IIT Database Group

Header bar


We teach several courses most of which are related to databases.

CS595 - Modern Big Data Analytics

Big data technologies, in particular, scalable distributed platforms for storage and analytics en- able processing of massive datasets for analytics, machine learning, and other use cases. This course provides a comprehensive overview of algorithms, systems, and techniques for Big Data processing. In a semester-long project, students will extend existing big data platforms. Additionally, in the seminar component of this course we will discuss cutting edge research and industrial developments in the field.

CS116 - Introduction to Object-Oriented Programming II

Continuation of CS 115. Introduces more advanced elements of object-oriented programming – including dynamic data structures, recursion, searching and sorting, and advanced object-oriented programming techniques. For students in CS and CS related degree programs.

CS425 - Database Organization

Databases management systems are a crucial part of most large-scale industry and open-source systems. This course familiarizes students with important concepts of database systems and design. We will learn how to design a database using the Entity-Relationship model, how query and modify a database using the declarative SQL language, and study APIs for writing application programs that use a database system to persist data. Furthermore, the course gives an overview of important database systems concepts such as indexing, query optimization and execution, concurrency control, and recovery.

Students will develop a database application in a group project. This project will cover all phases of development: assessing the application requirements, designing the database schema, and implementing the application.

CS520 - Data Integration, Warehousing, and Provenance

This course introduces the basic concepts of data integration, data warehousing, and provenance. We will learn how to resolve structural heterogeneity through schema matching and mapping. The course introduces techniques for querying several heterogeneous datasources at once (data integration) and translating data between databases with different data representations (data exchange). Furthermore, we will cover the data-warehouse paradigm including the Extract-Transform-Load (ETL) process, the data cube model and its relational representations (such as snowflake and star schema), and efficient processing of analytical queries. This will be contrasted with Big Data analytics approaches that (besides other differences) significantly reduce the upfront cost of analytics. When feeding data through complex processing pipelines such as data exchange transformations or ETL workflows, it is easy to loose track of the origin of data. In the last part of the course we therefore cover techniques for representing and keeping track of the origin and creation process of data - aka its provenance.

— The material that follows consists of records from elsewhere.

lemma degree_lagrange_sum:
  assumes k: "k \<in> {1..n}"
  shows "degree (\<Sum>l\<in>{1..n}-{k}. smult (c l) ([:0, 1:] * node_poly_except n k l)) \<le> n - 1"
proof (rule degree_sum_le)
  fix l
  assume l: "l \<in> {1..n}-{k}"
  then have "card ({1..n}-{k}-{l}) = n - 2"
    using k by (simp add: card_Diff_subset)
  moreover have "degree (node_poly_except n k l) = card ({1..n}-{k}-{l})"
    unfolding node_poly_except_def by (subst degree_prod_eq_sum_degree) auto
  ultimately have "degree ([:0, 1:] * node_poly_except n k l) \<le> n - 1"
    using l k by (auto simp: degree_mult_eq)
  then show "degree (smult (c l) ([:0, 1:] * node_poly_except n k l)) \<le> n - 1"
    using degree_smult_le order_trans by blast
qed simp

lemma poly_lagrange_sum_at_node:
  assumes k: "k \<in> {1..n}" and l0: "l0 \<in> {1..n}"
  shows "poly ([:c k, a:] * node_poly n k +
      (\<Sum>l\<in>{1..n}-{k}. smult (c l) ([:0, 1:] * node_poly_except n k l))) (of_nat k - of_nat l0) =
    c l0 * (\<Prod>l'\<in>{1..n}-{l0}. (of_nat l' - of_nat l0))"
proof -
  define z :: rat where "z = of_nat k - of_nat l0"
  have node: "poly (node_poly n k) z = (\<Prod>l\<in>{1..n}-{k}. of_nat l - of_nat l0)"
    unfolding node_poly_def poly_prod z_def by (intro prod.cong) simp_all
  have except: "poly (node_poly_except n k l) z = (\<Prod>l'\<in>{1..n}-{k}-{l}. of_nat l' - of_nat l0)" for l
    unfolding node_poly_except_def poly_prod z_def by (intro prod.cong) simp_all
  show ?thesis
  proof (cases "l0 = k")
    case True
    then have "z = 0" by (simp add: z_def)
    with True node show ?thesis by (simp add: z_def[symmetric] poly_sum)
  next
    case False
    then have l0': "l0 \<in> {1..n}-{k}" using l0 by simp
    have "poly (node_poly n k) z = 0"
      unfolding node using l0' by (intro prod_zero) auto
    moreover have "poly (node_poly_except n k l) z = 0" if "l \<in> {1..n}-{k}-{l0}" for l
      unfolding except using that l0' by (intro prod_zero) auto
    moreover have "z * poly (node_poly_except n k l0) z = (\<Prod>l'\<in>{1..n}-{l0}. of_nat l' - of_nat l0)"
    proof -
      have "{1..n}-{l0} = insert k ({1..n}-{k}-{l0})" using k False by auto
      then show ?thesis using except[of l0] k False by (simp add: z_def)
    qed
    ultimately show ?thesis
      using l0' by (simp add: z_def[symmetric] poly_sum sum.remove[of _ l0] sum.neutral)
  qed
qed

lemma lagrange_decomposition:
  assumes k: "k \<in> {1..n}" and N: "degree N \<le> n"
  shows "N = [:lagrange_weight N n k k, coeff N n:] * node_poly n k +
    (\<Sum>l\<in>{1..n}-{k}. smult (lagrange_weight N n k l) ([:0, 1:] * node_poly_except n k l))"
    (is "N = ?R")
proof (rule poly_eqI_degree_lead_coeff[where n = n and A = "(\<lambda>l. of_nat k - of_nat l) ` {1..n}"])
  let ?W = "\<Sum>l\<in>{1..n}-{k}. smult (lagrange_weight N n k l) ([:0, 1:] * node_poly_except n k l)"
  have degW: "degree ?W \<le> n - 1" by (rule degree_lagrange_sum[OF k])
  have node: "degree (node_poly n k) = n - 1" "lead_coeff (node_poly n k) = 1"
    using k unfolding node_poly_def by (simp add: degree_prod_eq_sum_degree) (simp add: lead_coeff_prod)
  have "degree [:lagrange_weight N n k k, coeff N n:] \<le> 1" and n: "n \<ge> 1" using k by simp_all
  then have "degree ([:lagrange_weight N n k k, coeff N n:] * node_poly n k) \<le> n"
    using node degree_mult_le[of "[:lagrange_weight N n k k, coeff N n:]" "node_poly n k"]
    by linarith
  then show "degree ?R \<le> n"
    using degW k by (intro degree_add_le) auto
  have "coeff ([:lagrange_weight N n k k, coeff N n:] * node_poly n k) n = coeff N n"
    using node k by (cases n) (auto simp: coeff_eq_0)
  moreover have "coeff ?W n = 0"
    using degW n by (intro coeff_eq_0) linarith
  ultimately show "coeff N n = coeff ?R n"
    by (simp only: coeff_add)
  show "degree N \<le> n" by (rule N)
  show "n \<le> card ((\<lambda>l. of_nat k - of_nat l :: rat) ` {1..n})"
    by (subst card_image) (auto intro: inj_onI)
  fix z
  assume "z \<in> (\<lambda>l. of_nat k - of_nat l :: rat) ` {1..n}"
  then obtain l0 where l0: "l0 \<in> {1..n}" and z: "z = of_nat k - of_nat l0" by blast
  have "(\<Prod>l'\<in>{1..n}-{l0}. of_nat l' - of_nat l0 :: rat) \<noteq> 0" by simp
  then show "poly N z = poly ?R z"
    unfolding z poly_lagrange_sum_at_node[OF k l0] by (simp add: lagrange_weight_def)
qed
(* Let $m=2^\alpha\beta$ be a positive integer with $\beta$ odd. Then, as operators on meromorphic functions on the upper half-plane invariant under $\Gamma_0(2)^+$, $$\tilde{\mathbf{T}}_m=\sum_{\substack{r^2\mid m\\ r\ \text{odd}}}\ \sum_{i=0}^{\alpha}\mathbf{T}_{m/(r^22^i)},$$ where the outer sum is over positive odd integers $r$ with $r^2\mid m$.
   Context: Matrices act on the upper half-plane by Möbius transformations. $\Gamma_0(2)$ is the group of integer matrices $\begin{bmatrix}a&b\\c&d\end{bmatrix}$ of determinant $1$ with $c$ even, $w_2=2^{-1/2}\begin{bmatrix}0&-1\\2&0\end{bmatrix}$, and $\Gamma_0(2)^+$ is generated by $\Gamma_0(2)$ and $w_2$. For a positive integer $n$ define $M^n=M_1^n\cup S_1^n\cup S_2^n$ with $M_1^n=\{\begin{bmatrix}x&y\\0&z\end{bmatrix}: x,y,z\in\mathbb{Z},\ xz=n,\ 0\leq y<z,\ \gcd(x,y,z)=1,\ x\text{ odd}\}$, $S_1^n=\{\begin{bmatrix}x&y\\0&z\end{bmatrix}: xz=n,\ 0\leq y<z,\ \gcd(x,y,z)=1,\ z\text{ odd}\}$, $S_2^n=\{2^{-1/2}\begin{bmatrix}x&y\\0&z\end{bmatrix}: xz=2n,\ 0\leq y<z,\ \gcd(x,y,z)=1,\ x,z\text{ even}\}$ (all with $x,z>0$). Operators: $\mathbf{T}_nf(\tau)=\sum_{\gamma\in M^n}f(\gamma\tau)$, and $\tilde{\mathbf{T}}_nf(\tau)=\sum_{xz=n,\,0\leq y<z}f\big(\frac{x\tau+y}{z}\big)$ if $n$ is odd, while for $n$ even $\tilde{\mathbf{T}}_nf(\tau)=\sum_{xz=n,\,0\leq y<z}f\big(\frac{x\tau+y}{z}\big)+\sum_{xz=2n,\ x,z\text{ even},\ 0\leq y<z}f\big(\frac{x\tau+y}{z}\big)$, sums over integers $x,z>0$, $y$. *)

theory Defs
  imports "HOL-Complex_Analysis.Complex_Analysis"
begin

definition upper_half_plane :: "complex set" where
  "upper_half_plane = {\<tau>. Im \<tau> > 0}"

text \<open>Invariance under Gamma0(2)+ : invariance under Gamma0(2) and under the
  Fricke involution w2, which acts by tau maps to -1/(2 tau).\<close>
definition gamma0_2_plus_invariant :: "(complex \<Rightarrow> complex) \<Rightarrow> bool" where
  "gamma0_2_plus_invariant f \<longleftrightarrow>
     (\<forall>a b c d :: int. \<forall>\<tau>\<in>upper_half_plane. a * d - b * c = 1 \<and> even c \<longrightarrow>
        f ((of_int a * \<tau> + of_int b) / (of_int c * \<tau> + of_int d)) = f \<tau>) \<and>
     (\<forall>\<tau>\<in>upper_half_plane. f (- 1 / (2 * \<tau>)) = f \<tau>)"

text \<open>Elements of M^n: (x,y,z,False) is the integer matrix [x y; 0 z] (in M1 or S1),
  (x,y,z,True) is 2^(-1/2)[x y; 0 z] (in S2). Scalars do not affect the action.\<close>
definition M1 :: "nat \<Rightarrow> (int \<times> int \<times> int) set" where
  "M1 n = {(x,y,z). x > 0 \<and> z > 0 \<and> x * z = int n \<and> 0 \<le> y \<and> y < z \<and>
                    gcd (gcd x y) z = 1 \<and> odd x}"

definition S1 :: "nat \<Rightarrow> (int \<times> int \<times> int) set" where
  "S1 n = {(x,y,z). x > 0 \<and> z > 0 \<and> x * z = int n \<and> 0 \<le> y \<and> y < z \<and>
                    gcd (gcd x y) z = 1 \<and> odd z}"

definition S2 :: "nat \<Rightarrow> (int \<times> int \<times> int) set" where
  "S2 n = {(x,y,z). x > 0 \<and> z > 0 \<and> x * z = 2 * int n \<and> 0 \<le> y \<and> y < z \<and>
                    gcd (gcd x y) z = 1 \<and> even x \<and> even z}"

definition Mset :: "nat \<Rightarrow> (int \<times> int \<times> int \<times> bool) set" where
  "Mset n = (\<lambda>(x,y,z). (x,y,z,False)) ` (M1 n \<union> S1 n) \<union> (\<lambda>(x,y,z). (x,y,z,True)) ` S2 n"

definition act :: "int \<Rightarrow> int \<Rightarrow> int \<Rightarrow> complex \<Rightarrow> complex" where
  "act x y z \<tau> = (of_int x * \<tau> + of_int y) / of_int z"

definition hecke_T :: "nat \<Rightarrow> (complex \<Rightarrow> complex) \<Rightarrow> complex \<Rightarrow> complex" where
  "hecke_T n f \<tau> = (\<Sum>(x,y,z,s)\<in>Mset n. f (act x y z \<tau>))"

definition tildeA :: "nat \<Rightarrow> (int \<times> int \<times> int) set" where
  "tildeA n = {(x,y,z). x > 0 \<and> z > 0 \<and> x * z = int n \<and> 0 \<le> y \<and> y < z}"

definition tildeB :: "nat \<Rightarrow> (int \<times> int \<times> int) set" where
  "tildeB n = {(x,y,z). x > 0 \<and> z > 0 \<and> x * z = 2 * int n \<and> even x \<and> even z \<and> 0 \<le> y \<and> y < z}"

definition hecke_tildeT :: "nat \<Rightarrow> (complex \<Rightarrow> complex) \<Rightarrow> complex \<Rightarrow> complex" where
  "hecke_tildeT n f \<tau> =
     (\<Sum>(x,y,z)\<in>tildeA n. f (act x y z \<tau>)) +
     (if even n then (\<Sum>(x,y,z)\<in>tildeB n. f (act x y z \<tau>)) else 0)"

end

theory Submission
  imports Defs
begin

text \<open>Both operators sum f over the points (x\<tau> + y)/z indexed by integer triples (x, y, z),
  and the point is unchanged when the triple is scaled by a positive integer. Scaling by an
  odd r maps the primitive triples counted by T at level n/r^2 onto the triples of level n with
  gcd r, so the sum of T over odd r with r^2 | n counts the triples of odd gcd. The triples of
  even gcd are twice the triples of level n/4; hence the tilde operator at level n is the
  odd-gcd part plus the tilde operator at level n/2 (for even n only), and iterating along the
  powers of 2 dividing m gives the formula.\<close>

definition triple_gcd :: "int \<times> int \<times> int \<Rightarrow> int" where
  "triple_gcd = (\<lambda>(x, y, z). gcd (gcd x y) z)"

definition diag_even :: "int \<times> int \<times> int \<Rightarrow> bool" where
  "diag_even = (\<lambda>(x, y, z). even x \<and> even z)"

definition triple_scale :: "int \<Rightarrow> int \<times> int \<times> int \<Rightarrow> int \<times> int \<times> int" where
  "triple_scale g = (\<lambda>(x, y, z). (g * x, g * y, g * z))"

definition scale_invariant :: "(int \<times> int \<times> int \<Rightarrow> 'a) \<Rightarrow> bool" where
  "scale_invariant F \<longleftrightarrow> (\<forall>g t. g > 0 \<longrightarrow> F (triple_scale g t) = F t)"

definition odd_square_divisors :: "nat \<Rightarrow> nat set" where
  "odd_square_divisors n = {r. r > 0 \<and> odd r \<and> r ^ 2 dvd n}"

lemma finite_tildeA: "finite (tildeA n)"
proof (rule finite_subset)
  show "tildeA n \<subseteq> {1..int n} \<times> {0..int n} \<times> {1..int n}"
  proof
    fix t assume "t \<in> tildeA n"
    then obtain x y z where t: "t = (x, y, z)" "x > 0" "z > 0" "x * z = int n" "0 \<le> y" "y < z"
      unfolding tildeA_def by auto
    have "x \<le> x * z" "z \<le> x * z"
      using t(2,3) by (simp_all add: mult_le_cancel_left1 mult_le_cancel_right1)
    then show "t \<in> {1..int n} \<times> {0..int n} \<times> {1..int n}" using t by auto
  qed
qed simp

lemma finite_odd_square_divisors: "n > 0 \<Longrightarrow> finite (odd_square_divisors n)"
proof (rule finite_subset)
  assume "n > 0"
  show "odd_square_divisors n \<subseteq> {..n}"
  proof
    fix r assume "r \<in> odd_square_divisors n"
    then have "r \<le> r ^ 2" "r ^ 2 \<le> n"
      using \<open>n > 0\<close> by (auto simp: odd_square_divisors_def power2_eq_square dvd_imp_le)
    then show "r \<in> {..n}" by simp
  qed
qed simp

lemma odd_square_divisors_mult_pow2: "odd_square_divisors (2 ^ a * n) = odd_square_divisors n"
  unfolding odd_square_divisors_def by (auto simp: coprime_dvd_mult_right_iff)

lemma triple_gcd_scale: "g \<ge> 0 \<Longrightarrow> triple_gcd (triple_scale g t) = g * triple_gcd t"
  by (cases t) (simp add: triple_gcd_def triple_scale_def gcd_mult_left)

lemma diag_even_scale_odd: "odd g \<Longrightarrow> diag_even (triple_scale g t) = diag_even t"
  by (cases t) (simp add: diag_even_def triple_scale_def)

lemma inj_on_triple_scale: "g \<noteq> 0 \<Longrightarrow> inj_on (triple_scale g) A"
  by (auto simp: inj_on_def triple_scale_def)

lemma triple_scale_in_tildeA_iff:
  assumes "r > 0"
  shows "triple_scale (int r) t \<in> tildeA n \<longleftrightarrow> r ^ 2 dvd n \<and> t \<in> tildeA (n div r ^ 2)"
proof -
  obtain x y z where t: "t = (x, y, z)" by (cases t)
  have prod: "int r * x * (int r * z) = int (r ^ 2) * (x * z)"
    by (simp add: power2_eq_square algebra_simps)
  have "int (r ^ 2) * (x * z) = int n \<longleftrightarrow> r ^ 2 dvd n \<and> x * z = int (n div r ^ 2)"
  proof
    assume n: "int (r ^ 2) * (x * z) = int n"
    then have "int (r ^ 2) dvd int n" by (metis dvd_triv_left)
    moreover have "int (n div r ^ 2) = x * z"
      using assms by (simp add: zdiv_int flip: n)
    ultimately show "r ^ 2 dvd n \<and> x * z = int (n div r ^ 2)"
      by (simp only: int_dvd_int_iff)
  next
    assume "r ^ 2 dvd n \<and> x * z = int (n div r ^ 2)"
    then show "int (r ^ 2) * (x * z) = int n" by (metis dvd_mult_div_cancel of_nat_mult)
  qed
  moreover have "0 < int r * x \<longleftrightarrow> 0 < x" "0 < int r * z \<longleftrightarrow> 0 < z"
    "0 \<le> int r * y \<longleftrightarrow> 0 \<le> y" "int r * y < int r * z \<longleftrightarrow> y < z"
    using assms by (simp_all add: zero_less_mult_iff zero_le_mult_iff)
  moreover have "triple_scale (int r) t \<in> tildeA n \<longleftrightarrow> 0 < int r * x \<and> 0 < int r * z \<and>
      int r * x * (int r * z) = int n \<and> 0 \<le> int r * y \<and> int r * y < int r * z"
    by (simp add: t triple_scale_def tildeA_def)
  moreover have "t \<in> tildeA (n div r ^ 2) \<longleftrightarrow>
      0 < x \<and> 0 < z \<and> x * z = int (n div r ^ 2) \<and> 0 \<le> y \<and> y < z"
    by (simp add: t tildeA_def)
  ultimately show ?thesis unfolding prod by blast
qed

lemma triple_scale_of_dvd_gcd:
  assumes "g dvd triple_gcd t"
  obtains t' where "t = triple_scale g t'"
proof -
  obtain x y z where t: "t = (x, y, z)" by (cases t)
  have "g dvd gcd (gcd x y) z" using assms by (simp add: t triple_gcd_def)
  then have "g dvd x" "g dvd y" "g dvd z" by (meson dvd_trans gcd_dvd1 gcd_dvd2)+
  then obtain x' y' z' where "x = g * x'" "y = g * y'" "z = g * z'" by (elim dvdE)
  then have "t = triple_scale g (x', y', z')" by (simp add: t triple_scale_def)
  then show thesis by (rule that)
qed

lemma triple_scale_primitive:
  assumes "triple_gcd t \<noteq> 0"
  obtains t' where "t = triple_scale (triple_gcd t) t'" and "triple_gcd t' = 1"
proof -
  obtain t' where t': "t = triple_scale (triple_gcd t) t'"
    using triple_scale_of_dvd_gcd[of "triple_gcd t" t, OF dvd_refl] by blast
  have "triple_gcd t \<ge> 0" by (cases t) (simp add: triple_gcd_def)
  then have "triple_gcd t * 1 = triple_gcd t * triple_gcd t'"
    by (metis t' mult.right_neutral triple_gcd_scale)
  then have "triple_gcd t' = 1" using assms by (simp only: mult_cancel_left) simp
  with t' show thesis by (rule that)
qed

lemma sum_triple_scale_image:
  assumes "scale_invariant F" and "g > 0"
  shows "sum F (triple_scale g ` A) = sum F A"
proof -
  have "F (triple_scale g t) = F t" for t
    using assms unfolding scale_invariant_def by blast
  then show ?thesis
    using assms(2) by (simp add: sum.reindex inj_on_triple_scale)
qed

lemma sum_odd_gcd_triples:
  assumes F: "scale_invariant F" and n: "n > 0"
    and C: "\<And>g t. odd g \<Longrightarrow> C (triple_scale g t) = C t"
  shows "(\<Sum>r\<in>odd_square_divisors n.
            sum F {t \<in> tildeA (n div r ^ 2). triple_gcd t = 1 \<and> C t})
       = sum F {t \<in> tildeA n. odd (triple_gcd t) \<and> C t}"
proof -
  define P where "P r = {t \<in> tildeA (n div r ^ 2). triple_gcd t = 1 \<and> C t}" for r
  have gcd_image: "triple_gcd t = int r" if "t \<in> triple_scale (int r) ` P r" for t r
    using that by (auto simp: triple_gcd_scale P_def)
  have decomp: "{t \<in> tildeA n. odd (triple_gcd t) \<and> C t}
      = (\<Union>r\<in>odd_square_divisors n. triple_scale (int r) ` P r)"
  proof (intro equalityI subsetI)
    fix t assume t: "t \<in> {t \<in> tildeA n. odd (triple_gcd t) \<and> C t}"
    then have "triple_gcd t \<noteq> 0" by auto
    then obtain t' where t': "t = triple_scale (triple_gcd t) t'" "triple_gcd t' = 1"
      by (rule triple_scale_primitive)
    define r where "r = nat (triple_gcd t)"
    have gcd_r: "triple_gcd t = int r"
      unfolding r_def by (cases t) (simp add: triple_gcd_def)
    have "odd r" using t gcd_r by simp
    then have r: "r > 0" "odd r" by (simp_all add: odd_pos)
    have "triple_scale (int r) t' \<in> tildeA n" using t t' gcd_r by simp
    then have "r ^ 2 dvd n" "t' \<in> tildeA (n div r ^ 2)"
      using triple_scale_in_tildeA_iff[OF \<open>r > 0\<close>] by auto
    moreover have "C t'" using t t' gcd_r C[of "int r" t'] r by simp
    ultimately show "t \<in> (\<Union>r\<in>odd_square_divisors n. triple_scale (int r) ` P r)"
      using t' gcd_r r unfolding odd_square_divisors_def P_def by auto
  next
    fix t assume "t \<in> (\<Union>r\<in>odd_square_divisors n. triple_scale (int r) ` P r)"
    then obtain r t' where r: "r > 0" "odd r" "r ^ 2 dvd n" and t': "t' \<in> P r"
      and t: "t = triple_scale (int r) t'"
      unfolding odd_square_divisors_def by auto
    have "t \<in> tildeA n"
      using t t' r triple_scale_in_tildeA_iff[OF \<open>r > 0\<close>] by (simp add: P_def)
    moreover have "triple_gcd t = int r" using t t' gcd_image by blast
    moreover have "C t" using t t' r C[of "int r" t'] by (simp add: P_def)
    ultimately show "t \<in> {t \<in> tildeA n. odd (triple_gcd t) \<and> C t}" using r by simp
  qed
  have finite_P: "finite (P r)" for r
    unfolding P_def using finite_tildeA by simp
  have disjoint: "triple_scale (int r) ` P r \<inter> triple_scale (int r') ` P r' = {}"
    if "r \<noteq> r'" for r r'
  proof (rule equals0I)
    fix t assume "t \<in> triple_scale (int r) ` P r \<inter> triple_scale (int r') ` P r'"
    then have "int r = int r'" using gcd_image by (metis IntD1 IntD2)
    with that show False by simp
  qed
  have "sum F {t \<in> tildeA n. odd (triple_gcd t) \<and> C t}
      = (\<Sum>r\<in>odd_square_divisors n. sum F (triple_scale (int r) ` P r))"
    unfolding decomp using finite_odd_square_divisors[OF n] finite_P disjoint
    by (intro sum.UNION_disjoint) auto
  also have "\<dots> = (\<Sum>r\<in>odd_square_divisors n. sum F (P r))"
    using F by (intro sum.cong refl sum_triple_scale_image) (auto simp: odd_square_divisors_def)
  finally show ?thesis by (simp add: P_def)
qed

The course is emphasizing practical skills through a series of homework assignments that help students develop a strong background in data integration systems and techniques. At the same time, it also addresses the underlying formalisms. For example, we will discuss the logic based languages used for schema mapping and the dimensional data model as well as their practical application (e.g., developing an ETL workflow with rapid miner and creating a mapping between two example schemata). The literature reviews will familiarize students with data integration and provenance research.

CS525 - Advanced Database Organization

Databases management systems are a crucial part of most large-scale industry and open-source systems. This course provides comprehensive coverage of issues associated with database system development and an in-depth examination of structures and techniques used in contemporary database management systems (DBMSs). Students will learn about the inner workings of these exciting systems: Which algorithms are used? What are typical architectures used to build a system as complex as a DBMS? What are implementation strategies? These questions and more will be answered during the course.

The course is highly applied, emphasizing practical skills and habits through a series of programming assignments during which students will develop their own tiny DBMS like engine. We will cover the most important aspects/components of a DBMS: storage and buffer management, indexing, query optimization, query execution, and concurrency control and recovery.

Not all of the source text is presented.